**About this task:**
Give back, word for word, every line from the one containing "text \<open>Binary N" to the end of the listing, and nothing more.

**Data for review:**
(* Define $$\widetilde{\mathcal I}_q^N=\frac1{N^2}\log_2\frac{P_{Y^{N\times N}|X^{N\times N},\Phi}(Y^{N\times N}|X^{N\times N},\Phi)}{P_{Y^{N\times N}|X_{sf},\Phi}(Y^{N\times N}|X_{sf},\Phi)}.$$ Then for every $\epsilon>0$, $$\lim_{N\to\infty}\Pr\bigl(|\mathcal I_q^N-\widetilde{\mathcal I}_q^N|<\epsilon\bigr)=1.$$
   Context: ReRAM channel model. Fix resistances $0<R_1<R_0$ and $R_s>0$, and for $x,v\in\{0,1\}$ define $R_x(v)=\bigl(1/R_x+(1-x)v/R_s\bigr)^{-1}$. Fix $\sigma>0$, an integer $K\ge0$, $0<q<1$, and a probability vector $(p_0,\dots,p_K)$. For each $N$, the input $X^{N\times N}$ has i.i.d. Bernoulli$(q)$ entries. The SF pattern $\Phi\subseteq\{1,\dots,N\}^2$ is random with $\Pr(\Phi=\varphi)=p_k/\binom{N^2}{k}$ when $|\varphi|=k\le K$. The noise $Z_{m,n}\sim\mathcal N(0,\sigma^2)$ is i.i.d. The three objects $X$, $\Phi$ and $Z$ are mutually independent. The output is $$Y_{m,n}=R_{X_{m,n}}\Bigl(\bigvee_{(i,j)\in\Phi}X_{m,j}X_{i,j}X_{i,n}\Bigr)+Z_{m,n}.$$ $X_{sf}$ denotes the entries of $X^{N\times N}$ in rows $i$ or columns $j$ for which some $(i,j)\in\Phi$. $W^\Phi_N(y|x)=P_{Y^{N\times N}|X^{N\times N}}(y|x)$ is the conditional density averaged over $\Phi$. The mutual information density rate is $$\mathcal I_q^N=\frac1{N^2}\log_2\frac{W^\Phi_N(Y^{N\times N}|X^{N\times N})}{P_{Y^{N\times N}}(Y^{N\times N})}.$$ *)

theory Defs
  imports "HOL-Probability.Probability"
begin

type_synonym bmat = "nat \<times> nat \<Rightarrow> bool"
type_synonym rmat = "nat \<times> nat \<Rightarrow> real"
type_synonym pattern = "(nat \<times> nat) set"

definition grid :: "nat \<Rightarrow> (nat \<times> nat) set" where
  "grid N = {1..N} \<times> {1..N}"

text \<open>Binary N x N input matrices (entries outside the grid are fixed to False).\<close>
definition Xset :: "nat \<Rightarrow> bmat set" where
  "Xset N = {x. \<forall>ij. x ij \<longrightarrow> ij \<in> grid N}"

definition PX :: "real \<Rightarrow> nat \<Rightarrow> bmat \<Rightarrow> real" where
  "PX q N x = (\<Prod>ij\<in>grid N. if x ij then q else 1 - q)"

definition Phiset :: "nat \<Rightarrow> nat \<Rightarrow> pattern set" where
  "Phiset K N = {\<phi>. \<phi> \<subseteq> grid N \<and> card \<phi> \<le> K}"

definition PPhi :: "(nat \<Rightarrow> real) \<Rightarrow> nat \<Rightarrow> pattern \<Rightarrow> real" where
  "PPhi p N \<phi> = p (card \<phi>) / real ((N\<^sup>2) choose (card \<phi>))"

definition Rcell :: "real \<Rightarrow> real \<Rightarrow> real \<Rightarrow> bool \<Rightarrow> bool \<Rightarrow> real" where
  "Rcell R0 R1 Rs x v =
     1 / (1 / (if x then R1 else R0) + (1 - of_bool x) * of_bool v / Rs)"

**Answer area:**
text \<open>Binary N x N input matrices (entries outside the grid are fixed to False).\<close>
definition Xset :: "nat \<Rightarrow> bmat set" where
  "Xset N = {x. \<forall>ij. x ij \<longrightarrow> ij \<in> grid N}"

definition PX :: "real \<Rightarrow> nat \<Rightarrow> bmat \<Rightarrow> real" where
  "PX q N x = (\<Prod>ij\<in>grid N. if x ij then q else 1 - q)"

definition Phiset :: "nat \<Rightarrow> nat \<Rightarrow> pattern set" where
  "Phiset K N = {\<phi>. \<phi> \<subseteq> grid N \<and> card \<phi> \<le> K}"

definition PPhi :: "(nat \<Rightarrow> real) \<Rightarrow> nat \<Rightarrow> pattern \<Rightarrow> real" where
  "PPhi p N \<phi> = p (card \<phi>) / real ((N\<^sup>2) choose (card \<phi>))"

definition Rcell :: "real \<Rightarrow> real \<Rightarrow> real \<Rightarrow> bool \<Rightarrow> bool \<Rightarrow> real" where
  "Rcell R0 R1 Rs x v =
     1 / (1 / (if x then R1 else R0) + (1 - of_bool x) * of_bool v / Rs)"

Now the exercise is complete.